Strategy Let N_{0} be the original number of { }^{238} U nuclei that existed. The { }^{238} U nuclei eventually decay to { }^{206} Pb, and the longest time in the radioactive decay chain { }^{238} U \rightarrow{ }^{206} Pb is the half-life of { }^{238} U , t_{1 / 2}=4.47 \times 10^{9} y. The numbers of nuclei for { }^{238} U \text { and }{ }^{206} Pb are then

\begin{aligned}N\left({ }^{238} U \right) &=N_{0} e^{-\lambda t} \\N\left({ }^{206} Pb \right) &=N_{0}-N\left({ }^{238} U \right)=N_{0}\left(1-e^{-\lambda t}\right)\end{aligned}

The abundance ratio is

R^{\prime}=\frac{N\left({ }^{206} Pb \right)}{N\left({ }^{238} U \right)}=\frac{1-e^{-\lambda t}}{e^{-\lambda t}}=e^{\lambda t}-1 (12.50)

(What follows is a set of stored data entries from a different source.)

definition velos :: "nat \<Rightarrow> velo set" where
  "velos K = pairsK K \<rightarrow>\<^sub>E {-1, 1}"

definition states :: "nat \<Rightarrow> nat \<Rightarrow> state set" where
  "states K n = configs K n \<times> velos K"

definition cnt :: "nat \<Rightarrow> config \<Rightarrow> nat \<Rightarrow> nat" where
  "cnt n c k = card {i. i < n \<and> c i = k}"

definition condp :: "(config \<Rightarrow> real) \<Rightarrow> nat \<Rightarrow> config \<Rightarrow> nat \<Rightarrow> nat \<Rightarrow> real" where
  "condp \<pi> K c i k = \<pi> (c(i := k)) / (\<Sum>j\<in>{1..K}. \<pi> (c(i := j)))"

definition ratio :: "(config \<Rightarrow> real) \<Rightarrow> nat \<Rightarrow> nat \<Rightarrow> config \<Rightarrow> nat \<Rightarrow> nat \<Rightarrow> nat \<Rightarrow> real" where
  "ratio \<pi> K n c i km kp =
     real (cnt n c km) / (real (cnt n c kp) + 1) * (condp \<pi> K c i kp / condp \<pi> K c i km)"

definition flipv :: "nat \<times> nat \<Rightarrow> velo \<Rightarrow> velo" where
  "flipv p v = v(p := - v p)"

definition flip_kernel :: "real \<Rightarrow> nat \<Rightarrow> nat \<times> nat \<Rightarrow> state \<Rightarrow> state \<Rightarrow> real" where
  "flip_kernel \<xi> n p x y =
     (1 - \<xi> / real n) * (if y = x then 1 else 0)
     + (\<xi> / real n) * (if y = (fst x, flipv p (snd x)) then 1 else 0)"

definition move_kernel :: "(config \<Rightarrow> real) \<Rightarrow> nat \<Rightarrow> nat \<Rightarrow> nat \<times> nat \<Rightarrow> state \<Rightarrow> state \<Rightarrow> real" where
  "move_kernel \<pi> K n p x y =
     (let c = fst x; v = snd x;
          (km, kp) = (if v p = 1 then (fst p, snd p) else (snd p, fst p));
          rej = (c, flipv p v)
      in if cnt n c km = 0 then (if y = rej then 1 else 0)
         else (\<Sum>i\<in>{i. i < n \<and> c i = km}.
                 (1 / real (cnt n c km)) *
                 (min 1 (ratio \<pi> K n c i km kp) * (if y = (c(i := kp), v) then 1 else 0)
                  + (1 - min 1 (ratio \<pi> K n c i km kp)) * (if y = rej then 1 else 0))))"

definition Ptilde :: "(config \<Rightarrow> real) \<Rightarrow> nat \<Rightarrow> nat \<Rightarrow> real \<Rightarrow> nat \<times> nat \<Rightarrow> state \<Rightarrow> state \<Rightarrow> real" where
  "Ptilde \<pi> K n \<xi> p =
     kcomp (states K n) (kcomp (states K n) (flip_kernel \<xi> n p) (move_kernel \<pi> K n p))
       (flip_kernel \<xi> n p)"

definition geom_pmf :: "real \<Rightarrow> nat \<Rightarrow> real" where
  "geom_pmf q t = (1 - q) ^ (t - 1) * q"

definition Q_NR :: "(config \<Rightarrow> real) \<Rightarrow> nat \<Rightarrow> nat \<Rightarrow> real \<Rightarrow> real \<Rightarrow> state \<Rightarrow> state \<Rightarrow> real" where
  "Q_NR \<pi> K n \<xi> s x y =
     (\<Sum>p\<in>pairsK K. (2 / (real K * (real K - 1))) *
        (let N = cnt n (fst x) (fst p) + cnt n (fst x) (snd p)
         in if N = 0 then kpow (states K n) (Ptilde \<pi> K n \<xi> p) 1 x y
            else (\<Sum>j. geom_pmf (s / real N) (Suc j) * kpow (states K n) (Ptilde \<pi> K n \<xi> p) (Suc j) x y)))"

definition pi_tilde :: "(config \<Rightarrow> real) \<Rightarrow> nat \<Rightarrow> state \<Rightarrow> real" where
  "pi_tilde \<pi> K x = \<pi> (fst x) * 2 powr (- (real K * (real K - 1) / 2))"

end

theory Submission
  imports Defs
begin

(* Each kernel Ptilde_{k,k'} composes two random velocity flips with a Metropolis move M.
   The flips preserve pi_tilde, and M satisfies the skew detailed balance
   pi(c) M((c,v),(c',v')) = pi(c') M((c',-v'),(c,-v)), where -v negates only v_{k,k'};
   summing over the start state gives invariance of M, hence of Ptilde_{k,k'}, of its
   powers and of their geometric mixtures. The geometric parameter of Q_NR depends on the
   current state only through n_k + n_k', which Ptilde_{k,k'} conserves, so it may as well
   be read off at the target state, and invariance survives the mixing.
   For positive pi, Ptilde_{k,k'} can move the labels k_- to k_+ one site at a time,
   reverse the velocity once none is left, and move them back (for xi = n the two sure
   flips exchange the roles of k_- and k_+). Hence the transition graph of Q_NR is strongly
   connected with a loop at every state, so some power of Q_NR is positive; this gives
   irreducibility, aperiodicity and, by Doeblin's contraction argument, uniform ergodicity. *)

section \<open>Finite Markov kernels\<close>

definition stochastic_kernel :: "'s set \<Rightarrow> ('s \<Rightarrow> 's \<Rightarrow> real) \<Rightarrow> bool" where
  "stochastic_kernel S P \<longleftrightarrow> (\<forall>x\<in>S. \<forall>y\<in>S. 0 \<le> P x y) \<and> (\<forall>x\<in>S. (\<Sum>y\<in>S. P x y) = 1)"

lemma stochastic_kernel_nonneg: "stochastic_kernel S P \<Longrightarrow> x \<in> S \<Longrightarrow> y \<in> S \<Longrightarrow> 0 \<le> P x y"
  by (simp add: stochastic_kernel_def)

lemma stochastic_kernel_row_sum: "stochastic_kernel S P \<Longrightarrow> x \<in> S \<Longrightarrow> (\<Sum>y\<in>S. P x y) = 1"
  by (simp add: stochastic_kernel_def)

lemma stochastic_kernel_le_one:
  assumes "finite S" "stochastic_kernel S P" "x \<in> S" "y \<in> S"
  shows "P x y \<le> 1"
proof -
  have "P x y \<le> (\<Sum>y\<in>S. P x y)"
    using assms by (intro member_le_sum) (auto simp: stochastic_kernel_def)
  then show ?thesis using assms by (simp add: stochastic_kernel_def)
qed

lemma kpow_one: "finite S \<Longrightarrow> y \<in> S \<Longrightarrow> kpow S P 1 x y = P x y"
  by (simp add: mult_delta_right)

lemma kpow_nonneg:
  assumes "\<forall>x\<in>S. \<forall>y\<in>S. 0 \<le> P x y" "x \<in> S" "y \<in> S"
  shows "0 \<le> kpow S P t x y"
  using assms(2,3) by (induction t arbitrary: x) (auto intro!: sum_nonneg simp: assms(1))

lemma kpow_add:
  assumes "finite S" "x \<in> S"
  shows "kpow S P (a + b) x y = (\<Sum>z\<in>S. kpow S P a x z * kpow S P b z y)"
  using assms(2)
proof (induction a arbitrary: x)
  case 0
  then show ?case using assms(1) by (simp add: mult_delta_left)
next
  case (Suc a)
  have "kpow S P (Suc a + b) x y = (\<Sum>w\<in>S. P x w * (\<Sum>z\<in>S. kpow S P a w z * kpow S P b z y))"
    using Suc by simp
  also have "\<dots> = (\<Sum>z\<in>S. (\<Sum>w\<in>S. P x w * kpow S P a w z) * kpow S P b z y)"
    by (simp add: sum_distrib_left sum_distrib_right mult.assoc) (rule sum.swap)
  finally show ?case by simp
qed

lemma kpow_ge_mult:
  assumes "finite S" "\<forall>x\<in>S. \<forall>y\<in>S. 0 \<le> P x y" "x \<in> S" "y \<in> S" "z \<in> S"
  shows "kpow S P a x z * kpow S P b z y \<le> kpow S P (a + b) x y"
  unfolding kpow_add[OF assms(1,3)]
  by (rule member_le_sum) (use assms kpow_nonneg[OF assms(2)] in auto)

lemma stochastic_kpow:
  assumes "finite S" "stochastic_kernel S P"
  shows "stochastic_kernel S (kpow S P t)"
proof -
  have "(\<Sum>y\<in>S. kpow S P t x y) = 1" if "x \<in> S" for x
    using that
  proof (induction t arbitrary: x)
    case (Suc t)
    have "(\<Sum>y\<in>S. kpow S P (Suc t) x y) = (\<Sum>z\<in>S. P x z * (\<Sum>y\<in>S. kpow S P t z y))"
      by (simp add: sum_distrib_left) (rule sum.swap)
    then show ?case using Suc assms(2) by (simp add: stochastic_kernel_def)
  qed (use assms(1) in simp)
  then show ?thesis
    using assms(2) kpow_nonneg[of S P] by (auto simp: stochastic_kernel_def)
qed

lemma invariant_kpow:
  assumes "finite S" "invariant_kernel S P \<mu>"
  shows "invariant_kernel S (kpow S P t) \<mu>"
  unfolding invariant_kernel_def
proof (induction t)
  case 0
  then show ?case using assms(1) by (simp add: mult_delta_right)
next
  case (Suc t)
  have "(\<Sum>x\<in>S. \<mu> x * kpow S P (Suc t) x y) = (\<Sum>z\<in>S. (\<Sum>x\<in>S. \<mu> x * P x z) * kpow S P t z y)" for y
    by (simp add: sum_distrib_left sum_distrib_right mult.assoc) (rule sum.swap)
  then show ?case using Suc assms(2) by (simp add: invariant_kernel_def)
qed

lemma stochastic_kcomp:
  assumes "stochastic_kernel S P" "stochastic_kernel S R"
  shows "stochastic_kernel S (kcomp S P R)"
proof -
  have "(\<Sum>y\<in>S. kcomp S P R x y) = (\<Sum>z\<in>S. P x z * (\<Sum>y\<in>S. R z y))" for x
    unfolding kcomp_def by (simp add: sum_distrib_left) (rule sum.swap)
  then show ?thesis
    using assms unfolding stochastic_kernel_def kcomp_def by (auto intro!: sum_nonneg)
qed

lemma invariant_kcomp:
  assumes "invariant_kernel S P \<mu>" "invariant_kernel S R \<mu>"
  shows "invariant_kernel S (kcomp S P R) \<mu>"
proof -
  have "(\<Sum>x\<in>S. \<mu> x * kcomp S P R x y) = (\<Sum>z\<in>S. (\<Sum>x\<in>S. \<mu> x * P x z) * R z y)" for y
    unfolding kcomp_def by (simp add: sum_distrib_left sum_distrib_right mult.assoc) (rule sum.swap)
  then show ?thesis using assms by (simp add: invariant_kernel_def)
qed

lemma kcomp_ge_mult:
  assumes "finite S" "stochastic_kernel S P" "stochastic_kernel S R" "x \<in> S" "y \<in> S" "z \<in> S"
  shows "P x z * R z y \<le> kcomp S P R x y"
  unfolding kcomp_def
  by (rule member_le_sum) (use assms in \<open>auto simp: stochastic_kernel_def\<close>)

lemma kcomp_nonzeroE:
  assumes "kcomp S P R x y \<noteq> 0"
  obtains z where "z \<in> S" "P x z \<noteq> 0" "R z y \<noteq> 0"
proof -
  obtain z where "z \<in> S" "P x z * R z y \<noteq> 0"
    using assms unfolding kcomp_def by (rule sum.not_neutral_contains_not_neutral)
  then show ?thesis using that by simp
qed

lemma kpow_nonzero_conserves:
  assumes "\<And>x y. x \<in> S \<Longrightarrow> y \<in> S \<Longrightarrow> P x y \<noteq> 0 \<Longrightarrow> f x = f y"
    and "x \<in> S" "kpow S P t x y \<noteq> 0"
  shows "f x = f y"
  using assms(2,3)
proof (induction t arbitrary: x)
  case (Suc t)
  obtain z where "z \<in> S" "P x z * kpow S P t z y \<noteq> 0"
    using Suc.prems(2) by (auto elim: sum.not_neutral_contains_not_neutral)
  then show ?case using Suc assms(1) by auto
qed (simp split: if_splits)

We can solve Equation (12.50) for t, because we know experimentally the ratio R^{\prime} \text { and the decay constant } \lambda \text { for }{ }^{238} U.

Step-by-Step

Verified Solution

The result for t from Equation (12.50) is

 

\begin{aligned}t &=\frac{1}{\lambda} \ln \left(R^{\prime}+1\right)=\frac{t_{1 / 2}}{\ln (2)} \ln \left(R^{\prime}+1\right) \\&=\frac{4.47 \times 10^{9} y }{\ln (2)} \ln (1.60)=3.0 \times 10^{9} y\end{aligned}

 

The sample of uranium ore is about 3 billion years old.